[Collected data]
######

lemma layer_orthonormal_bases:
  assumes "g t t = -1"
  shows "\<exists>B. \<forall>i. finite (B i) \<and> B i \<subseteq> layer i \<inter> perp {t} \<and> layer i \<inter> perp {t} \<subseteq> span (B i)
    \<and> orthonormal (B i)"
proof -
  have "pos_def_on (layer i \<inter> perp {t})" for i
    by (rule pos_def_on_subset[OF pos_def_on_perp_timelike]) (use assms in auto)
  then have "\<forall>i. \<exists>B. finite B \<and> B \<subseteq> layer i \<inter> perp {t} \<and> layer i \<inter> perp {t} \<subseteq> span B \<and> orthonormal B"
    using pos_def_on_orthonormal_basis[OF subspace_inter[OF subspace_layer subspace_perp]] by blast
  then show ?thesis by (rule choice)
qed

text \<open>Shifting by a multiple of \<open>t\<close> moves any vector of a layer into its part orthogonal
  to \<open>t\<close>; this works also for the layers not containing \<open>t\<close>, which are orthogonal to it.\<close>
lemma perp_layer_if_perp_basis:
  assumes k: "k \<in> {1, 2, 3}" "t \<in> layer k" "g t t = -1" and i: "i \<in> {1, 2, 3}"
    and span: "layer i \<inter> perp {t} \<subseteq> span B" and x: "x \<in> perp B" "g x t = 0"
  shows "x \<in> perp (layer i)"
  unfolding perp_iff
proof
  fix s assume s: "s \<in> layer i"
  have "t \<in> layer i \<or> g s t = 0" using layer_perp[OF _ i k(1) s k(2)] k(2) by (cases "i = k") auto
  then have "s + g s t *\<^sub>R t \<in> layer i"
    using s subspace_add[OF subspace_layer s subspace_scale[OF subspace_layer]] by auto
  moreover have "s + g s t *\<^sub>R t \<in> perp {t}" using k(3) unfolding perp_def by simp
  ultimately have "g x (s + g s t *\<^sub>R t) = 0" using span x(1) perp_span by blast
  then show "g x s = 0" using x(2) by simp
qed

lemma einstein_nonneg_if_U_nondegenerate:
  assumes U_nondeg: "nondegenerate_on g U"
  shows "0 \<le> lam"
proof -
  obtain k t where k: "k \<in> {1, 2, 3}" and t: "t \<in> layer k" "g t t = -1"
    using unit_timelike_in_layer[OF U_nondeg] by blast
  obtain B where B: "\<forall>i. finite (B i) \<and> B i \<subseteq> layer i \<inter> perp {t}
      \<and> layer i \<inter> perp {t} \<subseteq> span (B i) \<and> orthonormal (B i)"
    using layer_orthonormal_bases[OF t(2)] by blast
  have B_layer: "B i \<subseteq> layer i" and B_perp: "B i \<subseteq> perp {t}" and B_on: "orthonormal (B i)" for i
    using B by blast+
  have B123: "B 1 \<subseteq> W" "B 2 \<subseteq> U" "B 3 \<subseteq> Z"
    using B_layer[of 1] B_layer[of 2] B_layer[of 3] unfolding layer_def by simp_all
  have "orthonormal (B 1 \<union> B 2)"
    by (rule orthonormal_Un[OF B_on B_on]) (use B123 layers_perp(1) in blast)
  then have on: "orthonormal (B 1 \<union> B 2 \<union> B 3)"
    by (rule orthonormal_Un[OF _ B_on]) (use B123 layers_perp(2,3) in blast)
  have B_t: "g c t = 0" "g t c = 0" if "c \<in> B 1 \<union> B 2 \<union> B 3" for c
    using B_perp that sym[of t c] unfolding perp_def by auto
  define I where "I = insert t (B 1 \<union> B 2 \<union> B 3)"
  define l where "l a = (if a \<in> W then 1 else if a \<in> U then 2 else 3 :: nat)" for a
  have "layer i \<subseteq> W \<union> U \<union> Z" for i unfolding layer_def by auto
  then have I_layers: "I \<subseteq> W \<union> U \<union> Z" using t(1) B_layer unfolding I_def by blast
  show ?thesis
  proof (rule einstein_nonneg_timelike[OF einstein _ _ _ _ t(2)])
    show "finite I" "t \<in> I" unfolding I_def using B by simp_all
  next
    fix a b assume "a \<in> I" "b \<in> I" "a \<noteq> b"
    then show "g a b = 0" using on B_t unfolding I_def orthonormal_def by auto
  next
    fix a assume "a \<in> I" "a \<noteq> t"
    then show "g a a = 1" using on unfolding I_def orthonormal_def by auto
  next
    fix x assume x: "\<And>a. a \<in> I \<Longrightarrow> g x a = 0"
    have xt: "g x t = 0" using x unfolding I_def by simp
    have "x \<in> perp (layer i)" if i: "i \<in> {1, 2, 3}" for i
    proof (rule perp_layer_if_perp_basis[OF k t i _ _ xt])
      show "layer i \<inter> perp {t} \<subseteq> span (B i)" using B by blast
      show "x \<in> perp (B i)" using x i unfolding I_def perp_def by auto
    qed
    then show "x = 0" by (rule perp_layers_eq_0[OF U_nondeg])
  next
    show "graded I (\<lambda>a. a) l"
      by (rule graded_by_layers) (use I_layers U_subset_V in \<open>auto simp: l_def split: if_splits\<close>)
  next
    fix a show "l a \<le> 3" unfolding l_def by simp
  qed
qed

######

EXERCISE REQUIREMENTS: Top to bottom, the records above must be output exactly.

COMPLETED TASK:
lemma layer_orthonormal_bases:
  assumes "g t t = -1"
  shows "\<exists>B. \<forall>i. finite (B i) \<and> B i \<subseteq> layer i \<inter> perp {t} \<and> layer i \<inter> perp {t} \<subseteq> span (B i)
    \<and> orthonormal (B i)"
proof -
  have "pos_def_on (layer i \<inter> perp {t})" for i
    by (rule pos_def_on_subset[OF pos_def_on_perp_timelike]) (use assms in auto)
  then have "\<forall>i. \<exists>B. finite B \<and> B \<subseteq> layer i \<inter> perp {t} \<and> layer i \<inter> perp {t} \<subseteq> span B \<and> orthonormal B"
    using pos_def_on_orthonormal_basis[OF subspace_inter[OF subspace_layer subspace_perp]] by blast
  then show ?thesis by (rule choice)
qed

text \<open>Shifting by a multiple of \<open>t\<close> moves any vector of a layer into its part orthogonal
  to \<open>t\<close>; this works also for the layers not containing \<open>t\<close>, which are orthogonal to it.\<close>
lemma perp_layer_if_perp_basis:
  assumes k: "k \<in> {1, 2, 3}" "t \<in> layer k" "g t t = -1" and i: "i \<in> {1, 2, 3}"
    and span: "layer i \<inter> perp {t} \<subseteq> span B" and x: "x \<in> perp B" "g x t = 0"
  shows "x \<in> perp (layer i)"
  unfolding perp_iff
proof
  fix s assume s: "s \<in> layer i"
  have "t \<in> layer i \<or> g s t = 0" using layer_perp[OF _ i k(1) s k(2)] k(2) by (cases "i = k") auto
  then have "s + g s t *\<^sub>R t \<in> layer i"
    using s subspace_add[OF subspace_layer s subspace_scale[OF subspace_layer]] by auto
  moreover have "s + g s t *\<^sub>R t \<in> perp {t}" using k(3) unfolding perp_def by simp
  ultimately have "g x (s + g s t *\<^sub>R t) = 0" using span x(1) perp_span by blast
  then show "g x s = 0" using x(2) by simp
qed

lemma einstein_nonneg_if_U_nondegenerate:
  assumes U_nondeg: "nondegenerate_on g U"
  shows "0 \<le> lam"
proof -
  obtain k t where k: "k \<in> {1, 2, 3}" and t: "t \<in> layer k" "g t t = -1"
    using unit_timelike_in_layer[OF U_nondeg] by blast
  obtain B where B: "\<forall>i. finite (B i) \<and> B i \<subseteq> layer i \<inter> perp {t}
      \<and> layer i \<inter> perp {t} \<subseteq> span (B i) \<and> orthonormal (B i)"
    using layer_orthonormal_bases[OF t(2)] by blast
  have B_layer: "B i \<subseteq> layer i" and B_perp: "B i \<subseteq> perp {t}" and B_on: "orthonormal (B i)" for i
    using B by blast+
  have B123: "B 1 \<subseteq> W" "B 2 \<subseteq> U" "B 3 \<subseteq> Z"
    using B_layer[of 1] B_layer[of 2] B_layer[of 3] unfolding layer_def by simp_all
  have "orthonormal (B 1 \<union> B 2)"
    by (rule orthonormal_Un[OF B_on B_on]) (use B123 layers_perp(1) in blast)
  then have on: "orthonormal (B 1 \<union> B 2 \<union> B 3)"
    by (rule orthonormal_Un[OF _ B_on]) (use B123 layers_perp(2,3) in blast)
  have B_t: "g c t = 0" "g t c = 0" if "c \<in> B 1 \<union> B 2 \<union> B 3" for c
    using B_perp that sym[of t c] unfolding perp_def by auto
  define I where "I = insert t (B 1 \<union> B 2 \<union> B 3)"
  define l where "l a = (if a \<in> W then 1 else if a \<in> U then 2 else 3 :: nat)" for a
  have "layer i \<subseteq> W \<union> U \<union> Z" for i unfolding layer_def by auto
  then have I_layers: "I \<subseteq> W \<union> U \<union> Z" using t(1) B_layer unfolding I_def by blast
  show ?thesis
  proof (rule einstein_nonneg_timelike[OF einstein _ _ _ _ t(2)])
    show "finite I" "t \<in> I" unfolding I_def using B by simp_all
  next
    fix a b assume "a \<in> I" "b \<in> I" "a \<noteq> b"
    then show "g a b = 0" using on B_t unfolding I_def orthonormal_def by auto
  next
    fix a assume "a \<in> I" "a \<noteq> t"
    then show "g a a = 1" using on unfolding I_def orthonormal_def by auto
  next
    fix x assume x: "\<And>a. a \<in> I \<Longrightarrow> g x a = 0"
    have xt: "g x t = 0" using x unfolding I_def by simp
    have "x \<in> perp (layer i)" if i: "i \<in> {1, 2, 3}" for i
    proof (rule perp_layer_if_perp_basis[OF k t i _ _ xt])
      show "layer i \<inter> perp {t} \<subseteq> span (B i)" using B by blast
      show "x \<in> perp (B i)" using x i unfolding I_def perp_def by auto
    qed
    then show "x = 0" by (rule perp_layers_eq_0[OF U_nondeg])
  next
    show "graded I (\<lambda>a. a) l"
      by (rule graded_by_layers) (use I_layers U_subset_V in \<open>auto simp: l_def split: if_splits\<close>)
  next
    fix a show "l a \<le> 3" unfolding l_def by simp
  qed
qed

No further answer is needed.